The chart below illustrates the current-month, previous-month and year-to-date returns across different regional mandates, reflecting a more pronounced negative trend in fund performance than August in light of the afore-mentioned market events. Evidently, declines in most regional hedge fund indices during September were not far from the global average, as the month’s market movements globally were dominated by weakness in the US financial sector. In Europe, however, the combined effect of problems at US and regional banks led to steeper declines in European hedge fund allocations (-6.7%).
Global Market Review
Global equity indices closed sharply lower in September as alarming news emanating from the financial sector heightened risk aversion and shot volatility up to record levels (the volatility index, VIX, finished the month at an all-time high of 46.72). The MSCI World Index fell 11% on the month. Among regional equities, the S&P500 shed 9%, while European bourses saw declines of 10-12% on average and in Asia, the Nikkei 225 fell 14% and the Hang Seng 15%.

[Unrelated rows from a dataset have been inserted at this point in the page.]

section \<open>Derivative bounds for bounded holomorphic functions\<close>

lemma norm_deriv_le_bounded_on_ball:
  assumes "f holomorphic_on ball w r" "0 < r" "\<And>z. z \<in> ball w r \<Longrightarrow> norm (f z) \<le> M"
  shows "norm (deriv f w) \<le> 2 * M / r"
proof -
  have hol: "f holomorphic_on ball w (r/2)"
    using assms(1) by (rule holomorphic_on_subset) (use assms(2) in \<open>simp add: subset_ball\<close>)
  have "continuous_on (cball w (r/2)) f"
    using holomorphic_on_imp_continuous_on[OF assms(1)]
    by (rule continuous_on_subset) (use assms(2) in \<open>simp add: cball_subset_ball_iff\<close>)
  from Cauchy_inequality[OF hol this, of M 1] assms(2,3)
  show ?thesis by (simp add: dist_norm mult.commute)
qed

lemma Moebius_function_has_derivative_at_centre:
  assumes "norm z < 1"
  shows "(Moebius_function 0 z has_field_derivative 1 / of_real (1 - norm z ^ 2)) (at z)"
proof -
  have cz: "1 - cnj z * z = of_real (1 - norm z ^ 2)"
    using complex_norm_square[of z] by (simp add: mult.commute)
  have "norm z ^ 2 < 1" using assms by (simp add: abs_square_less_1)
  then have nz: "1 - cnj z * z \<noteq> 0" unfolding cz by (simp only: of_real_eq_0_iff)
  have "((\<lambda>u. (u - z) / (1 - cnj z * u)) has_field_derivative 1 / (1 - cnj z * z)) (at z)"
    by (rule derivative_eq_intros refl)+ (use nz in \<open>simp_all add: power2_eq_square\<close>)
  then show ?thesis
    by (simp add: Moebius_function_simple[abs_def] cz)
qed

lemma norm_deriv_le_disc_valued:
  assumes hol: "h holomorphic_on ball w r" and r: "0 < r" and into: "h ` ball w r \<subseteq> ball 0 1"
  shows "norm (deriv h w) \<le> 2 * (1 - norm (h w) ^ 2) / r"
proof -
  have h_lt_1: "norm (h u) < 1" if "u \<in> ball w r" for u
    using into that by (auto simp: image_subset_iff)
  define z where "z = h w"
  have z: "norm z < 1" using h_lt_1 r by (simp add: z_def)
  define M where "M = Moebius_function 0 z \<circ> h"
  have "M holomorphic_on ball w r"
    unfolding M_def using hol Moebius_function_holomorphic[OF z] into by (rule holomorphic_on_compose_gen)
  moreover have "norm (M u) \<le> 1" if "u \<in> ball w r" for u
    using Moebius_function_norm_lt_1[OF z h_lt_1[OF that], of 0] by (simp add: M_def)
  ultimately have M_bound: "norm (deriv M w) \<le> 2 / r"
    using norm_deriv_le_bounded_on_ball[of M w r 1] r by simp
  have "h field_differentiable at w"
    using hol r by (auto intro: holomorphic_on_imp_differentiable_at)
  then have "deriv M w = deriv h w / of_real (1 - norm z ^ 2)"
    unfolding M_def z_def
    using deriv_chain Moebius_function_has_derivative_at_centre[OF z[unfolded z_def]]
    by (metis DERIV_imp_deriv field_differentiable_def times_divide_eq_left mult_1)
  moreover have "0 < 1 - norm z ^ 2" using z by (simp add: abs_square_less_1)
  ultimately have "norm (deriv h w) = norm (deriv M w) * (1 - norm z ^ 2)"
    by (simp del: of_real_diff of_real_power add: norm_divide)
  also have "\<dots> \<le> 2 / r * (1 - norm z ^ 2)"
    using M_bound \<open>0 < 1 - norm z ^ 2\<close> by (intro mult_right_mono) auto
  finally show ?thesis by (simp add: z_def)
qed

lemma norm_deriv_le_bdist_of_disc_valued:
  assumes hol: "h holomorphic_on \<Omega>" and \<Omega>: "open \<Omega>" "\<Omega> \<noteq> UNIV"
    and into: "h ` \<Omega> \<subseteq> ball 0 1" and w: "w \<in> \<Omega>"
  shows "norm (deriv h w) \<le> 2 * (1 - norm (h w) ^ 2) / bdist \<Omega> w"
proof (rule norm_deriv_le_disc_valued)
  show "h holomorphic_on ball w (bdist \<Omega> w)"
    using hol ball_bdist_subset[OF w] by (rule holomorphic_on_subset)
  show "h ` ball w (bdist \<Omega> w) \<subseteq> ball 0 1"
    using into ball_bdist_subset[OF w] by blast
qed (rule bdist_pos[OF \<Omega> w])
lemma card_nonreal_quadratic_factors_le:
  fixes p :: "complex poly" and T :: "(real \<times> real) set"
  assumes p: "p \<noteq> 0"
    and T: "\<And>t q. (t, q) \<in> T \<Longrightarrow> t\<^sup>2 < 4 * q"
    and roots: "\<And>t q z. (t, q) \<in> T \<Longrightarrow> z\<^sup>2 = of_real t * z - of_real q \<Longrightarrow> poly p z = 0"
  shows "finite T \<and> 2 * card T \<le> degree p"
proof -
  define root where "root tq = Complex (fst tq / 2) (sqrt (snd tq - (fst tq)\<^sup>2 / 4))"
    for tq :: "real \<times> real"
  let ?R = "root ` T" and ?Z = "{z. poly p z = 0}"
  have Im_root: "Im (root (t, q)) > 0" and Im_root_sq: "(Im (root (t, q)))\<^sup>2 = q - t\<^sup>2 / 4"
    if "(t, q) \<in> T" for t q
    using T[OF that] by (simp_all add: root_def)
  have "root (t, q) \<in> ?Z" "cnj (root (t, q)) \<in> ?Z" if "(t, q) \<in> T" for t q
    using roots[OF that] Im_root_sq[OF that]
    by (auto simp: root_def complex_eq_iff power2_eq_square algebra_simps)
  then have sub: "?R \<union> cnj ` ?R \<subseteq> ?Z"
    by auto
  have pos: "Im z > 0" if "z \<in> ?R" for z
    using that Im_root by auto
  then have "Im z < 0" if "z \<in> cnj ` ?R" for z
    using that by fastforce
  with pos have disj: "?R \<inter> cnj ` ?R = {}"
    by (meson disjoint_iff less_asym)
  have inj: "inj_on root T"
  proof (rule inj_onI)
    fix x y assume "x \<in> T" "y \<in> T" "root x = root y"
    then show "x = y"
      using Im_root_sq[of "fst x" "snd x"] Im_root_sq[of "fst y" "snd y"]
      by (auto simp: root_def prod_eq_iff)
  qed
  have fin: "finite ?Z"
    by (rule poly_roots_finite[OF p])
  then have "finite ?R"
    using sub by (auto intro: finite_subset)
  have "2 * card T = card ?R + card (cnj ` ?R)"
    using inj by (simp add: card_image inj_on_def)
  also have "\<dots> = card (?R \<union> cnj ` ?R)"
    using \<open>finite ?R\<close> disj by (simp add: card_Un_disjoint)
  also have "\<dots> \<le> card ?Z"
    by (rule card_mono[OF fin sub])
  also have "\<dots> \<le> degree p"
    by (rule card_poly_roots_bound[OF p])
  finally show ?thesis
    using \<open>finite ?R\<close> inj finite_image_iff by auto
qed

Bond prices remained volatile although prices were range-bound and largely flat on the month. Credit markets, on the other hand, seized up in September as uncertainty surrounding the banking sector and the extent of government intervention grew, and interbank rates widened to record levels despite efforts by major central banks to assuage the liquidity crunch.
In the currency markets, the US dollar generally strengthened against most major currencies, on account of heightened risk aversion, a weakening UK economy, problems at major European banks and growing expectations of a rate cut announcement from the European Central Bank.
The uncertain outlook for the global economy also pushed commodity prices lower. Crude oil prices have come down from their all-time highs (in June) of US$150/barrel, falling for the third month in a row to US$100/barrel. There was, however, a mid-month surge as the US government’s bailout plan was expected to support energy demand when it was first announced.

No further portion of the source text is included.